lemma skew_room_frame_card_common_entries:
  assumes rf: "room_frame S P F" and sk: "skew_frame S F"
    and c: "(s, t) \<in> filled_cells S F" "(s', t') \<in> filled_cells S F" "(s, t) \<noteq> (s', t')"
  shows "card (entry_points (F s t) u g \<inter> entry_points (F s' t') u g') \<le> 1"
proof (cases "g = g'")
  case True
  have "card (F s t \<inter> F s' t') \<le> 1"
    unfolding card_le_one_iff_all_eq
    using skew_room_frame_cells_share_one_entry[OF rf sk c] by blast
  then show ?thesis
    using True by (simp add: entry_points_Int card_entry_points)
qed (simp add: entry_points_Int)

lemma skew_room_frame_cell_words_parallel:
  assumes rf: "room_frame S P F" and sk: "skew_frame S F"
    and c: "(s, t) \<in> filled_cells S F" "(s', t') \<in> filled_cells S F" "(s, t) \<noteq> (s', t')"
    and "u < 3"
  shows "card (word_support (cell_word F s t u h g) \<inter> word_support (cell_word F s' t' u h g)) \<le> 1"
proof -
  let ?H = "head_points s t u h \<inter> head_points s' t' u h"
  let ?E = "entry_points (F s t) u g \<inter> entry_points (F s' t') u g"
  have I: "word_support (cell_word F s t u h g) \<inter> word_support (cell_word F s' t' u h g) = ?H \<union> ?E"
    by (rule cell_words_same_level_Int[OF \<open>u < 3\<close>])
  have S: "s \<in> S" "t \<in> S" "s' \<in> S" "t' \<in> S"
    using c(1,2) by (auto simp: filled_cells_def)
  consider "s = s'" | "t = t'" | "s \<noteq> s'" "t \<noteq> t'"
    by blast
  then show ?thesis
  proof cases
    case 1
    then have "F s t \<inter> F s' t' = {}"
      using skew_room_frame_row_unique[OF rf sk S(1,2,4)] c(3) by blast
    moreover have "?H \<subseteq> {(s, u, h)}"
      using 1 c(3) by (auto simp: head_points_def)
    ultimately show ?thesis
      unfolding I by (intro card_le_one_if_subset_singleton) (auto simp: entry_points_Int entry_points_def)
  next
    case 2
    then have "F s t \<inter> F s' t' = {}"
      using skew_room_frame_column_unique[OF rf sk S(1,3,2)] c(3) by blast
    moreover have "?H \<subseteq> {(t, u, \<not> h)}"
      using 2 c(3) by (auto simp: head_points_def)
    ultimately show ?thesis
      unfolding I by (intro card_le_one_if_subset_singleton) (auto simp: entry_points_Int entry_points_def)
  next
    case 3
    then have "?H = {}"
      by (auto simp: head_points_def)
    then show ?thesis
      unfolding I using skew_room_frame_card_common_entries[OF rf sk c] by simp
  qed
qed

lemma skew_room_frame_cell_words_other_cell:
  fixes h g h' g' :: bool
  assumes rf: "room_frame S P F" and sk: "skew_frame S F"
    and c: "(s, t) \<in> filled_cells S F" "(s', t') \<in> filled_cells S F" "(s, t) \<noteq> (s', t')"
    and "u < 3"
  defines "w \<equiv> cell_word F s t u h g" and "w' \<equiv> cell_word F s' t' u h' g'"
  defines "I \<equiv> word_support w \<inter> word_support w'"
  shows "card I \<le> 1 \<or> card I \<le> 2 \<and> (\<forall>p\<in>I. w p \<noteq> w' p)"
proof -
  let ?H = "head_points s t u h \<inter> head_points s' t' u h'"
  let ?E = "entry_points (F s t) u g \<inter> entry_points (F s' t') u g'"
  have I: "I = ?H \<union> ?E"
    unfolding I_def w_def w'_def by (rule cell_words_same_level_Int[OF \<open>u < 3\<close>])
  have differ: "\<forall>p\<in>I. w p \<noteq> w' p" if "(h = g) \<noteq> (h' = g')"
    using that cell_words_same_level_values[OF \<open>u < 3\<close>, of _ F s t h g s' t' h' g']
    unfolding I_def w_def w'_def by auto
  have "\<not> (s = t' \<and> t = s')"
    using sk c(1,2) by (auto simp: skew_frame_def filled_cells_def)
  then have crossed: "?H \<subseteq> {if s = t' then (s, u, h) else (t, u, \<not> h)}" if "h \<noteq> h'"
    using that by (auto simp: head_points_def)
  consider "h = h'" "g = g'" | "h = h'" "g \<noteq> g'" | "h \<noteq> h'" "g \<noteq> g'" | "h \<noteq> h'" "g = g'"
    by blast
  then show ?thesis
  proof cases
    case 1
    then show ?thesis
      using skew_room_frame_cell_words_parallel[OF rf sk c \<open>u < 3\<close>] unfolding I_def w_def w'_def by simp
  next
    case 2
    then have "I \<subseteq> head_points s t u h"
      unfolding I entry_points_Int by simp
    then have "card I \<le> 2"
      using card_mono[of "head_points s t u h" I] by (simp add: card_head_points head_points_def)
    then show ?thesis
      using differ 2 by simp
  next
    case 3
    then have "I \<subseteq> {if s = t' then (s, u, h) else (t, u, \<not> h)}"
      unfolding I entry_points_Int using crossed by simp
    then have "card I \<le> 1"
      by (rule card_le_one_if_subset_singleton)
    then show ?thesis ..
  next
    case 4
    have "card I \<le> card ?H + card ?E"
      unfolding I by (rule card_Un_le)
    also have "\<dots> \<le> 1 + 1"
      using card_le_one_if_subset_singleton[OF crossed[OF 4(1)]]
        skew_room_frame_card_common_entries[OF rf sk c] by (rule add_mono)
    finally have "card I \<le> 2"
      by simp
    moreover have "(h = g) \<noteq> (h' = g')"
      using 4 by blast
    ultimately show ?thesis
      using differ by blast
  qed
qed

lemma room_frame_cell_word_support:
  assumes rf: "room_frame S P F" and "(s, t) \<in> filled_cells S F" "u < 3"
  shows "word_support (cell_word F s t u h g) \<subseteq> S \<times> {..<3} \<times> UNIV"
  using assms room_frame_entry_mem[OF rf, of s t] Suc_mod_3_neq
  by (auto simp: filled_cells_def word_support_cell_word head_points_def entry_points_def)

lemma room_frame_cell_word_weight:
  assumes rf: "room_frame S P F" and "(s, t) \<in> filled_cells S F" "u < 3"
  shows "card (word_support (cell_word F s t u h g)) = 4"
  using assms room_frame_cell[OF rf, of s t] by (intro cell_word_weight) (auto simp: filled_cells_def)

--

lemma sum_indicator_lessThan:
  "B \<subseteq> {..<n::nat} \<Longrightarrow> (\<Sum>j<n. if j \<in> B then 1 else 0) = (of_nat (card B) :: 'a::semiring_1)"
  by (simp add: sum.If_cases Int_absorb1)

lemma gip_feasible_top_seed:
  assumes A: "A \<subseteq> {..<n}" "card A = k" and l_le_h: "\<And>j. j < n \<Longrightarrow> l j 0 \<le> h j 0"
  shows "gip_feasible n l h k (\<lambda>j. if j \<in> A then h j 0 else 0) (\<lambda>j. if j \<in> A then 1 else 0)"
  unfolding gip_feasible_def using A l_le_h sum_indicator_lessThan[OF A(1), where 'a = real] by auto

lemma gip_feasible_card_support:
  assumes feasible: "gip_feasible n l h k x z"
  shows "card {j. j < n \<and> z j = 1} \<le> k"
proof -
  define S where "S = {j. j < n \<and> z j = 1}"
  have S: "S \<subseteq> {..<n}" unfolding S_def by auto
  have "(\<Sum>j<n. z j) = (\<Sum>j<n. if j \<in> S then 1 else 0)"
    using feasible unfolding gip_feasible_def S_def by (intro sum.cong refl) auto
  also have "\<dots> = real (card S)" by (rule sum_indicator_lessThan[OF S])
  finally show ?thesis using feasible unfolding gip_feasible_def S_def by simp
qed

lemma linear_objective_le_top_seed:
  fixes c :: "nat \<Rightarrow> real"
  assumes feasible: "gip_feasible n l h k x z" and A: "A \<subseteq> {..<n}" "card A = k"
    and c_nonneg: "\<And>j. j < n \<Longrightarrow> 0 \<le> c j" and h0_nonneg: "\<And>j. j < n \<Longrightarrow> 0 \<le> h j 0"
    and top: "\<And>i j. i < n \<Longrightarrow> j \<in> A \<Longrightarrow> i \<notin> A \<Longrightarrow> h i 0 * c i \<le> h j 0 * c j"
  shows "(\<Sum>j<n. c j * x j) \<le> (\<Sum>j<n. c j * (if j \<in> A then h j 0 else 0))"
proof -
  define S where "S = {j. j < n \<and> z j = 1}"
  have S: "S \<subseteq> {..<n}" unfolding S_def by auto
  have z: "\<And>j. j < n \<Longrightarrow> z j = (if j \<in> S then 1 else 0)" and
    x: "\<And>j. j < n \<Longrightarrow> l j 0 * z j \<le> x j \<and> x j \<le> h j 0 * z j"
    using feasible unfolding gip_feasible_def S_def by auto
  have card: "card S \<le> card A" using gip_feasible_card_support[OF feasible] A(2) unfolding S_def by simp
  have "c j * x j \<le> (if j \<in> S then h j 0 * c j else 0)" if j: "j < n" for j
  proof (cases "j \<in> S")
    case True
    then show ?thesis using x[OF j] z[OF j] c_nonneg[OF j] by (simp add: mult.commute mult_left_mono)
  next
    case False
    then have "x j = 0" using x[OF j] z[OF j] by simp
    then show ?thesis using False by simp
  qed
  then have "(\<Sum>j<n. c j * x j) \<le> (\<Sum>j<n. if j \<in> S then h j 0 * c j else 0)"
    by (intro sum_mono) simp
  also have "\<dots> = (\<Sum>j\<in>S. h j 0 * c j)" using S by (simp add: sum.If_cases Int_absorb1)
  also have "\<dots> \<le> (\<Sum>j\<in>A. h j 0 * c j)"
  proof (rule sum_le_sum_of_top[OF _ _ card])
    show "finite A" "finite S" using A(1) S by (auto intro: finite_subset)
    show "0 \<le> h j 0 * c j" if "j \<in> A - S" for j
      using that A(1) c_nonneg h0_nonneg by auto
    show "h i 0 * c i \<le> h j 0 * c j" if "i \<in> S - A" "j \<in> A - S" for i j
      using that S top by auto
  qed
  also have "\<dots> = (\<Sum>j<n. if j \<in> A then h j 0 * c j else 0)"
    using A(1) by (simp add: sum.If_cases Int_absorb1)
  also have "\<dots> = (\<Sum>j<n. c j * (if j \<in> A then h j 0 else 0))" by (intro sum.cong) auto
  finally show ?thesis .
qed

-- What to do --
Single out each line of the records above with the string "cong" in it, and copy it.

-- Solution for this task --
    using feasible unfolding gip_feasible_def S_def by (intro sum.cong refl) auto
  also have "\<dots> = (\<Sum>j<n. c j * (if j \<in> A then h j 0 else 0))" by (intro sum.cong) auto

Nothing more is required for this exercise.